Requirement -
Below are the entries; give again exactly the lines from the one mentioning "note transitions = inc_def" through the one mentioning "using \<open>m \<le>", inclusive.

Data records Start Marker

lemma finite_simplex:
  assumes "finite K" "downward_closed K" "\<sigma> \<in> K"
  shows "finite \<sigma>"
proof -
  have "Pow \<sigma> \<subseteq> K" using assms(2,3) by (simp add: downward_closed_def)
  then have "finite (Pow \<sigma>)" using assms(1) by (rule finite_subset)
  then show ?thesis by simp
qed

lemma bdry_in_chains:
  assumes "downward_closed K" "c \<in> chains K (Suc n)"
  shows "bdry c \<in> chains K n"
proof -
  have "\<tau> \<in> K \<and> card \<tau> = n" if \<tau>: "\<tau> \<in> bdry c" for \<tau>
  proof -
    obtain \<sigma> where "\<sigma> \<in> c" "\<tau> \<subseteq> \<sigma>" "card \<sigma> = Suc (card \<tau>)" using \<tau> by (rule coface_if_mem_bdry)
    then show ?thesis using assms by (auto simp: chains_def downward_closed_def)
  qed
  then show ?thesis by (auto simp: chains_def)
qed

lemma cycles_eq_boundaries_if_cone_apex:
  assumes "finite K" "downward_closed K" "cone_apex K x"
  shows "cycles K n = boundaries K n"
proof (intro equalityI subsetI)
  fix z assume z: "z \<in> cycles K n"
  then have "z \<subseteq> K" "bdry z = {}" by (auto simp: cycles_def chains_def)
  moreover from this have "finite z" "\<forall>\<sigma>\<in>z. finite \<sigma>"
    using assms(1,2) finite_simplex finite_subset by blast+
  ultimately have "z = bdry (cone_chain x z)" by (simp add: bdry_cone_chain)
  moreover have "cone_chain x z \<in> chains K (Suc n)"
    using z assms(3) \<open>\<forall>\<sigma>\<in>z. finite \<sigma>\<close>
    by (auto simp: cycles_def chains_def cone_chain_def cone_apex_def)
  ultimately show "z \<in> boundaries K n" by (simp add: boundaries_def)
next
  fix b assume "b \<in> boundaries K n"
  then obtain c where c: "c \<in> chains K (Suc n)" "b = bdry c" by (auto simp: boundaries_def)
  then have "c \<subseteq> K" by (auto simp: chains_def)
  then have "finite c" "\<forall>\<sigma>\<in>c. finite \<sigma>"
    using assms(1,2) finite_simplex finite_subset by blast+
  then have "bdry b = {}" using c(2) by (simp add: bdry_bdry)
  then show "b \<in> cycles K n" using bdry_in_chains[OF assms(2) c(1)] c(2) by (simp add: cycles_def)
qed
lemma is_lub_add:
  fixes a b :: "nat \<Rightarrow> 'm"
  assumes a: "is_omega_chain nle a" and b: "is_omega_chain nle b"
    and sa: "is_lub nle (range a) sa" and sb: "is_lub nle (range b) sb"
  shows "is_lub nle (range (\<lambda>i. a i + b i)) (sa + sb)"
  unfolding is_lub_def
proof (intro conjI allI impI ballI)
  fix x assume "x \<in> range (\<lambda>i. a i + b i)"
  then show "nle x (sa + sb)"
    using is_lub_upper[OF sa] is_lub_upper[OF sb] nle_add_mono by blast
next
  note le = nle_partial_order'
  fix u assume u: "\<forall>x\<in>range (\<lambda>i. a i + b i). nle x u"
  \<comment> \<open>both chains are increasing, so the diagonal dominates every \<open>a i + b j\<close>\<close>
  have "nle (a i + b j) u" for i j
  proof -
    have "nle (a i + b j) (a (max i j) + b (max i j))"
      by (intro nle_add_mono is_omega_chain_mono[OF le]) (simp_all add: a b)
    with u show ?thesis
      using is_partial_order_trans[OF le] by blast
  qed
  then have "nle (sa + b j) u" for j
    using is_lub_least[OF omega_cont_lub[OF omega_cont_add_right a sa]] by blast
  then show "nle (sa + sb) u"
    using is_lub_least[OF omega_cont_lub[OF omega_cont_add_left b sb]] by blast
qed

lemma omega_cont_wle_if:
  assumes "omega_cont wle (A :: ('s \<Rightarrow> 'm) \<Rightarrow> ('s \<Rightarrow> 'm))" and "omega_cont wle B"
  shows "omega_cont wle (\<lambda>f \<sigma>. if \<phi> \<sigma> then A f \<sigma> else B f \<sigma>)"
proof (rule omega_cont_wleI)
  fix X :: "nat \<Rightarrow> 's \<Rightarrow> 'm" and s \<sigma>
  assume "is_omega_chain wle X" and "\<And>\<sigma>. is_lub nle (range (\<lambda>i. X i \<sigma>)) (s \<sigma>)"
  then show "is_lub nle (range (\<lambda>i. if \<phi> \<sigma> then A (X i) \<sigma> else B (X i) \<sigma>))
      (if \<phi> \<sigma> then A s \<sigma> else B s \<sigma>)"
    using omega_cont_wle_pointwise(2)[OF assms(1)] omega_cont_wle_pointwise(2)[OF assms(2)] by simp
qed

lemma omega_cont_wle_add:
  assumes "omega_cont wle (A :: ('s \<Rightarrow> 'm) \<Rightarrow> ('s \<Rightarrow> 'm))" and "omega_cont wle B"
  shows "omega_cont wle (\<lambda>f \<sigma>. A f \<sigma> + B f \<sigma>)"
proof (rule omega_cont_wleI)
  fix X :: "nat \<Rightarrow> 's \<Rightarrow> 'm" and s \<sigma>
  assume "is_omega_chain wle X" and "\<And>\<sigma>. is_lub nle (range (\<lambda>i. X i \<sigma>)) (s \<sigma>)"
  note hA = omega_cont_wle_pointwise[OF assms(1) this] and hB = omega_cont_wle_pointwise[OF assms(2) this]
  show "is_lub nle (range (\<lambda>i. A (X i) \<sigma> + B (X i) \<sigma>)) (A s \<sigma> + B s \<sigma>)"
    by (rule is_lub_add[OF hA(1) hB(1) hA(2) hB(2)])
qed
lemma L_ab_subset_lang_L_ab_vass: "L_ab \<subseteq> lang L_ab_vass"
proof
  fix w
  assume "w \<in> L_ab"
  then obtain n m where w: "w = replicate n a @ replicate m b" and "m \<le> n"
    unfolding L_ab_def by blast
  define inc skip first_b dec where "inc = (0::nat, a, [1::int], 0::nat)"
    and "skip = (0::nat, a, [0::int], 0::nat)" and "first_b = (0::nat, b, [-1::int], 1::nat)"
    and "dec = (1::nat, b, [-1::int], 1::nat)"
  note transitions = inc_def skip_def first_b_def dec_def src_def tgt_def lbl_def upd_def
    L_ab_vass_simps
  define ts_a where "ts_a = replicate m inc @ replicate (n - m) skip"
  have run_inc: "is_run L_ab_vass (replicate m a) (replicate m inc)"
    using is_run_append_loop[OF is_run_Nil, of inc L_ab_vass m]
    by (simp add: last_state_def counter_def transitions)
  have counter_inc: "end_counter (replicate m inc) 0 = int m"
    using end_counter_append_replicate[of "[]" m inc 0] by (simp add: counter_def transitions)
  have last_inc: "last_state L_ab_vass (replicate m inc) = 0"
    by (cases m) (simp_all add: last_state_def transitions)
  have "is_run L_ab_vass (replicate m a @ replicate (n - m) a) ts_a"
    using is_run_append_loop[OF run_inc, of skip "n - m"] counter_inc last_inc
    by (simp add: ts_a_def transitions)
  moreover have "replicate m a @ replicate (n - m) a = replicate n a"
    using \<open>m \<le> n\<close> by (simp flip: replicate_add)
  ultimately have run_a: "is_run L_ab_vass (replicate n a) ts_a"
    by simp
  have counter_a: "end_counter ts_a 0 = int m"
    using counter_inc unfolding ts_a_def by (simp only: end_counter_append_replicate) (simp add: transitions)
  have last_a: "last_state L_ab_vass ts_a = 0"
    using last_inc by (simp add: ts_a_def last_state_append_replicate transitions)
  show "w \<in> lang L_ab_vass"
  proof (cases m)
    case 0
    then have "is_acc_run L_ab_vass w ts_a"
      using run_a counter_a last_a w by (simp add: is_acc_run_def transitions)
    then show ?thesis
      unfolding lang_def by blast
  next
    case (Suc m')
    have run_b: "is_run L_ab_vass (replicate n a @ [b]) (ts_a @ [first_b])"
      using run_a counter_a last_a Suc
      by (subst is_run_snoc) (simp add: transitions)
    have counter_b: "end_counter (ts_a @ [first_b]) 0 = int m'"
      using counter_a Suc by (simp only: end_counter_snoc) (simp add: transitions)
    have "is_run L_ab_vass ((replicate n a @ [b]) @ replicate m' b) ((ts_a @ [first_b]) @ replicate m' dec)"
      using is_run_append_loop[OF run_b, of dec m'] counter_b
      by (simp add: transitions)
    moreover have "end_counter ((ts_a @ [first_b]) @ replicate m' dec) 0 = 0"
      using counter_b by (simp only: end_counter_append_replicate) (simp add: transitions)
    moreover have "last_state L_ab_vass ((ts_a @ [first_b]) @ replicate m' dec) = 1"
      by (simp only: last_state_append_replicate) (simp add: transitions)
    ultimately have "is_acc_run L_ab_vass w ((ts_a @ [first_b]) @ replicate m' dec)"
      using w Suc by (simp add: is_acc_run_def transitions replicate_append_same)
    then show ?thesis
      unfolding lang_def by blast
  qed
qed

theorem mainTheorem5:
  shows "L_ab \<in> RN 1 \<and> L_ab \<notin> (\<Union>k\<in>{k. k \<ge> 1}. RH k)"
proof
  have "lang L_ab_vass = L_ab"
    using lang_L_ab_vass_subset L_ab_subset_lang_L_ab_vass by blast
  then show "L_ab \<in> RN 1"
    using wf_L_ab_vass L_ab_vass_simps(3) unfolding RN_def by blast
  show "L_ab \<notin> (\<Union>k\<in>{k. k \<ge> 1}. RH k)"
    using L_ab_notin_RH by blast
qed

end
lemma peval_in_odd_span:
  assumes "G \<in> polys_in N" "\<forall>j\<in>{1..N}. z j \<in> odd_span y N 0"
  shows "peval grassmann_const G z \<in> odd_span y N 0"
proof -
  have "prod_list (map z w) \<in> odd_span y N 0" if "set w \<subseteq> {1..N}" for w
    using that
  proof (induction w)
    case (Cons j w)
    then show ?case using odd_span_mult[of "z j" y N 0] assms(2) by simp
  qed (simp add: odd_span_even grassmann_even_one)
  then have "prod_list (map z w) \<in> odd_span y N 0" if "G w \<noteq> 0" for w
    using assms(1) that by (simp add: polys_in_def)
  moreover have "grassmann_const r * v \<in> odd_span y N 0" if "v \<in> odd_span y N 0" for r v
    using odd_span_mult[OF odd_span_even[OF grassmann_even_const] that] by simp
  ultimately show ?thesis
    unfolding peval_def by (intro odd_span_sum) simp
qed

lemma odd_span_odd_parts:
  assumes "j \<in> {1..N}"
  shows "z j \<in> odd_span (\<lambda>i. odd_part (z i)) N 0"
proof -
  let ?y = "\<lambda>i. odd_part (z i)"
  have "1 * prod_list (map ?y [j]) \<in> odd_span ?y N 0"
    using assms by (intro odd_span.monomial grassmann_even_one) auto
  then have "odd_part (z j) \<in> odd_span ?y N 0" by simp
  then have "even_part (z j) + odd_part (z j) \<in> odd_span ?y N 0"
    by (rule odd_span.add[OF odd_span_even[OF grassmann_even_even_part]])
  then show ?thesis by (simp only: even_part_add_odd_part)
qed

theorem prod_commutators_eq_0:
  fixes z :: "nat \<Rightarrow> 'k::field_char_0 grassmann"
  assumes "set GHs \<subseteq> polys_in N \<times> polys_in N" "N < 2 * length GHs"
  shows "prod_list (map (\<lambda>(G, H). commutator (peval grassmann_const G z) (peval grassmann_const H z))
    GHs) = 0"
proof -
  let ?y = "\<lambda>i. odd_part (z i)"
  let ?cs = "map (\<lambda>(G, H). commutator (peval grassmann_const G z) (peval grassmann_const H z)) GHs"
  have "peval grassmann_const G z \<in> odd_span ?y N 0" if "G \<in> polys_in N" for G
    using that by (intro peval_in_odd_span ballI odd_span_odd_parts)
  with assms(1) have "\<forall>c\<in>set ?cs. c \<in> odd_span ?y N 2"
    by (auto intro: odd_span_commutator)
  then have "prod_list ?cs \<in> odd_span ?y N (2 * length GHs)"
    using odd_span_prod_list by fastforce
  then show ?thesis
    using assms(2) grassmann_odd_odd_part by (intro odd_span_eq_0) auto
qed

definition ut_of_tri :: "'k::field tri \<Rightarrow> 'k grassmann ut" where
  "ut_of_tri X = (case X of (a, b, c) \<Rightarrow> UT (Abs_grassmann a) (Abs_grassmann b) (Abs_grassmann c))"

definition tri_of_ut :: "'k::field grassmann ut \<Rightarrow> 'k tri" where
  "tri_of_ut X = (Rep_grassmann (ut11 X), Rep_grassmann (ut12 X), Rep_grassmann (ut22 X))"

definition ut_const :: "'k::field \<Rightarrow> 'k grassmann ut" where
  "ut_const r = UT (grassmann_const r) 0 (grassmann_const r)"

interpretation ut_const: central_scalars "ut_const :: 'k::field \<Rightarrow> 'k grassmann ut"
  unfolding ut_const_def by (rule central_scalars_ut[OF grassmann_const.central_scalars_axioms])

lemma tri_carrierE:
  assumes "X \<in> tri_carrier"
  obtains a b c where "X = (a, b, c)" "a \<in> grass" "even_supported a" "b \<in> grass" "c \<in> grass"
  using assms by (auto simp: tri_carrier_def grass_even_def even_supported_def)

lemma tprod_eq_tri_of_ut:
  assumes "\<forall>i. \<phi> i \<in> tri_carrier"
  shows "tprod (map \<phi> w) = tri_of_ut (prod_list (map (\<lambda>i. ut_of_tri (\<phi> i)) w))"
proof (induction w)
  case Nil
  show ?case by (simp add: tprod_def tone_def tri_of_ut_def Rep_grassmann_one Rep_grassmann_zero)
next
  case (Cons i w)
  obtain a b c where "\<phi> i = (a, b, c)" "a \<in> grass" "b \<in> grass" "c \<in> grass"
    using assms by (meson tri_carrierE)
  with Cons show ?case
    by (simp add: tprod_def tmult_def tri_of_ut_def ut_of_tri_def Rep_grassmann_times
        Rep_grassmann_plus Abs_grassmann_inverse)
qed

lemma teval_eq_tri_of_ut:
  assumes "\<forall>i. \<phi> i \<in> tri_carrier"
  shows "teval p \<phi> = tri_of_ut (peval ut_const p (\<lambda>i. ut_of_tri (\<phi> i)))"
  by (simp add: teval_def tri_of_ut_def peval_def ut11_sum ut12_sum ut22_sum Rep_grassmann_sum
      ut_const_def times_ut_def Rep_grassmann_const_times tprod_eq_tri_of_ut[OF assms] fun_eq_iff)

lemma ut11_peval_ut_const:
  "ut11 (peval ut_const G \<Phi>) = peval grassmann_const G (\<lambda>k. ut11 (\<Phi> k))"
  and ut22_peval_ut_const:
  "ut22 (peval ut_const G \<Phi>) = peval grassmann_const G (\<lambda>k. ut22 (\<Phi> k))"
  by (rule peval_hom; simp add: ut_const_def)+

lemma grassmann_even_ut11_of_tri: "X \<in> tri_carrier \<Longrightarrow> grassmann_even (ut11 (ut_of_tri X))"
  by (auto simp: ut_of_tri_def grassmann_even.rep_eq Abs_grassmann_inverse elim!: tri_carrierE)

lemma ut11_commutator_eq_0:
  assumes "\<forall>k. grassmann_even (ut11 (\<Phi> k))"
  shows "ut11 (commutator (peval ut_const G \<Phi>) (peval ut_const H \<Phi>)) = 0"
  by (simp add: ut11_commutator ut11_peval_ut_const commutator_def grassmann_even_commute
      grassmann_even_peval assms)

lemma ut22_prod_commutators_eq_0:
  fixes \<Phi> :: "nat \<Rightarrow> 'k::field_char_0 grassmann ut"
  assumes "set GHs \<subseteq> polys_in N \<times> polys_in N" "N < 2 * length GHs"
  shows "ut22 (prod_list (map (\<lambda>(G, H). commutator (peval ut_const G \<Phi>) (peval ut_const H \<Phi>))
    GHs)) = 0"
  using prod_commutators_eq_0[OF assms, of "\<lambda>k. ut22 (\<Phi> k)"]
  by (simp add: ut22_prod_list ut22_commutator ut22_peval_ut_const comp_def prod.case_distrib)

lemma is_PI_of_F_commprod:
  assumes "even n" "N \<le> Suc n"
  shows "is_PI_of_F N (commprod n :: 'k::field_char_0 ncpoly)"
  unfolding is_PI_of_F_def T_A_def
proof (intro allI impI CollectI conjI)
  fix g :: "nat \<Rightarrow> 'k ncpoly"
  assume g: "\<forall>i. g i \<in> polys_in N"
  then have g_polys: "\<forall>i. g i \<in> polys" by (simp add: polys_in_def)
  show "psubst (commprod n) g \<in> polys"
    by (rule psubst_polys[OF commprod_polys g_polys])
  fix \<phi> :: "nat \<Rightarrow> 'k tri"
  assume \<phi>: "\<forall>i. \<phi> i \<in> tri_carrier"
  define \<Phi> where "\<Phi> = (\<lambda>i. ut_of_tri (\<phi> i))"
  define C where "C = (\<lambda>(G, H). commutator (peval ut_const G \<Phi>) (peval ut_const H \<Phi>))"
  define GHs where "GHs = map (\<lambda>j. (g (2*j+1), g (2*j+2))) [1..<(n+4) div 2]"
  have "[0..<(n+4) div 2] = 0 # [1..<(n+4) div 2]" by (simp add: upt_conv_Cons)
  then have "peval ut_const (psubst (commprod n) g) \<Phi> = C (g 1, g 2) * prod_list (map C GHs)"
    by (simp add: ut_const.peval_psubst[OF commprod_polys g_polys] ut_const.peval_commprod
        C_def GHs_def comp_def numeral_2_eq_2)
  moreover have "ut11 (C (g 1, g 2)) = 0"
    using \<phi> by (simp add: C_def \<Phi>_def ut11_commutator_eq_0 grassmann_even_ut11_of_tri)
  moreover have "ut22 (prod_list (map C GHs)) = 0"
    using assms g unfolding C_def
    by (intro ut22_prod_commutators_eq_0) (auto simp: GHs_def elim!: evenE)
  ultimately show "teval (psubst (commprod n) g) \<phi> = tzero"
    by (simp add: teval_eq_tri_of_ut[OF \<phi>] \<Phi>_def[symmetric] ut_mult_eq_0 tri_of_ut_def
        tzero_def Rep_grassmann_zero)
qed

theorem proposition3p3:
  fixes n :: nat
  assumes "n \<ge> 2" and "even n"
  shows "is_PI_of_F n (commprod n :: 'k::field_char_0 ncpoly)
       \<and> is_PI_of_F (Suc n) (commprod n :: 'k::field_char_0 ncpoly)"
  by (simp add: is_PI_of_F_commprod assms(2))

end
(* Let $G$ be a group with a conjugation-closed generating set $X$ and let $g\in\mathrm{Mon}(X)$. The interval complex $K_g$ of the interval $[1,g]$ is isometric to the space $\mathrm{WFact}(G,g,\mathbf S)$ of weighted circular factorizations of $g$.
   Context: $\mathrm{Mon}(X)$ is the generated submonoid; $\ell(x)$ is the minimal length of a product of elements of $X$ equal to $x$; $x\le y$ if there is $x'\in\mathrm{Mon}(X)$ with $xx'=y$ and $\ell(x)+\ell(x')=\ell(y)$; $[1,g]=\{x:x\le g\}$, of height $n=\ell(g)$. $O_g$ is the order complex of $[1,g]$ with the orthoscheme metric: each maximal simplex (maximal chain $x_0<\cdots<x_n$) is the standard orthoscheme $\{0\le y_1\le\cdots\le y_n\le1\}\subset\mathbb R^n$ with $x_i$ at the vertex whose last $i$ coordinates are $1$. $K_g$ is the quotient metric space of $O_g$ obtained by identifying, via the order-preserving affine isometry, the simplices of chains $x_0<\cdots<x_k$ and $y_0<\cdots<y_k$ whenever $x_{i-1}^{-1}x_i=y_{i-1}^{-1}y_i$ for all $1\le i\le k$. A linear factorization of $g$ is $[x_L\ x_1\cdots x_k\ x_R]$ with entries in $\mathrm{Mon}(X)$, $x_1,\dots,x_k\ne1$, lengths summing to $\ell(g)$, product $g$. A weighted linear factorization of $g$ is a function $\mathbf u\colon[0,1]\to G$, trivial at all but finitely many points, such that with $0<s_1<\dots<s_k<1$ the points of $(0,1)$ where $\mathbf u$ is nontrivial, $P(\mathbf u)=[\mathbf u(0)\ \mathbf u(s_1)\cdots\mathbf u(s_k)\ \mathbf u(1)]$ is a linear factorization of $g$; write $0^{x_L}s_1^{x_1}\cdots s_k^{x_k}1^{x_R}$. The space $\mathrm{WFact}(G,g,\mathbf I)$ of these is a piecewise-Euclidean complex: via $\mathbf u\mapsto\ell\circ\mathbf u$ each cell $\{\mathbf u:P(\mathbf u)=\mathbf x\}$ is identified with an open face of the orthoscheme $\{0\le y_1\le\cdots\le y_n\le1\}$ in which a multiset of $n$ points of $[0,1]$, listed in nondecreasing order, is a point; the metric is pulled back. $\mathrm{WFact}(G,g,\mathbf S)$ is the quotient of $\mathrm{WFact}(G,g,\mathbf I)$ identifying (isometrically, cell by cell) $0^{x_L}s_1^{x_1}\cdots s_k^{x_k}1^{x_R}$ with $0^{y_L}s_1^{y_1}\cdots s_k^{y_k}1^{y_R}$ whenever $x_i=y_i$ for all $1\le i\le k$; it carries the quotient metric. *)

theory Defs
  imports "HOL-Algebra.Algebra"
begin
definition IR :: "real \<Rightarrow> real \<Rightarrow> (int \<Rightarrow> real) \<Rightarrow> int \<Rightarrow> real" where
  "IR \<beta> h u j = h powr \<beta> * (\<Sum>\<^sub>\<infinity>m\<in>(UNIV::nat set). u (j + int m) * vcoef \<beta> m)"

end

theory Submission
  imports Defs
begin

text \<open>
  With the truncated power P_p(n) = n_+^p, the weight v_m is the centred second difference
  of P_(1+\<beta>) / \<Gamma>(2+\<beta>) at m, also for the extension of v by zero to negative m. Hence its
  second difference is the fourth difference of P_(3-\<alpha>) / \<Gamma>(4-\<alpha>), whose values at
  k \<le> -2, -1, 0, 1, \<ge> 2 are exactly the cases defining w_k.

  The mean value theorem gives v_m = O((1+m)^(\<beta>-1)), and Peetre's inequality
  (1+|j-k|)^\<gamma> \<le> (1+|j|)^(-\<gamma>) (1+|k|)^\<gamma> for \<gamma> \<le> 0 turns the weighted summability of u
  into absolute convergence of every convolution of u with v. So the second difference in j
  may be taken inside the sums, and the reflection k \<mapsto> -k turns the right-sided sums I^R
  into left-sided ones.
\<close>

definition diff2 :: "(int \<Rightarrow> real) \<Rightarrow> int \<Rightarrow> real" where
  "diff2 f n = f (n + 1) - 2 * f n + f (n - 1)"

lemma diff2_divide: "diff2 (\<lambda>n. f n / c) n = diff2 f n / c"
  by (simp add: diff2_def diff_divide_distrib add_divide_distrib)

lemma diff2_reflect: "diff2 (\<lambda>n. f (- n)) n = diff2 f (- n)"
  by (simp add: diff2_def)

definition trunc_powr :: "real \<Rightarrow> int \<Rightarrow> real" where
  "trunc_powr p n = real (nat n) powr p"

definition vkernel :: "real \<Rightarrow> int \<Rightarrow> real" where
  "vkernel \<beta> n = diff2 (trunc_powr (1 + \<beta>)) n / Gamma (2 + \<beta>)"

lemma vkernel_of_nat: "vkernel \<beta> (int m) = vcoef \<beta> m"
proof (cases "m = 0")
  case False
  then have "real (nat (int m - 1)) = real m - 1" by (simp add: of_nat_diff)
  with False show ?thesis
    by (simp add: vkernel_def vcoef_def diff2_def trunc_powr_def)
qed (simp add: vkernel_def vcoef_def diff2_def trunc_powr_def)

lemma vkernel_neg: "n < 0 \<Longrightarrow> vkernel \<beta> n = 0"
  by (simp add: vkernel_def diff2_def trunc_powr_def)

Data records End Marker

Response to this task -
  note transitions = inc_def skip_def first_b_def dec_def src_def tgt_def lbl_def upd_def
    L_ab_vass_simps
  define ts_a where "ts_a = replicate m inc @ replicate (n - m) skip"
  have run_inc: "is_run L_ab_vass (replicate m a) (replicate m inc)"
    using is_run_append_loop[OF is_run_Nil, of inc L_ab_vass m]
    by (simp add: last_state_def counter_def transitions)
  have counter_inc: "end_counter (replicate m inc) 0 = int m"
    using end_counter_append_replicate[of "[]" m inc 0] by (simp add: counter_def transitions)
  have last_inc: "last_state L_ab_vass (replicate m inc) = 0"
    by (cases m) (simp_all add: last_state_def transitions)
  have "is_run L_ab_vass (replicate m a @ replicate (n - m) a) ts_a"
    using is_run_append_loop[OF run_inc, of skip "n - m"] counter_inc last_inc
    by (simp add: ts_a_def transitions)
  moreover have "replicate m a @ replicate (n - m) a = replicate n a"
    using \<open>m \<le> n\<close> by (simp flip: replicate_add)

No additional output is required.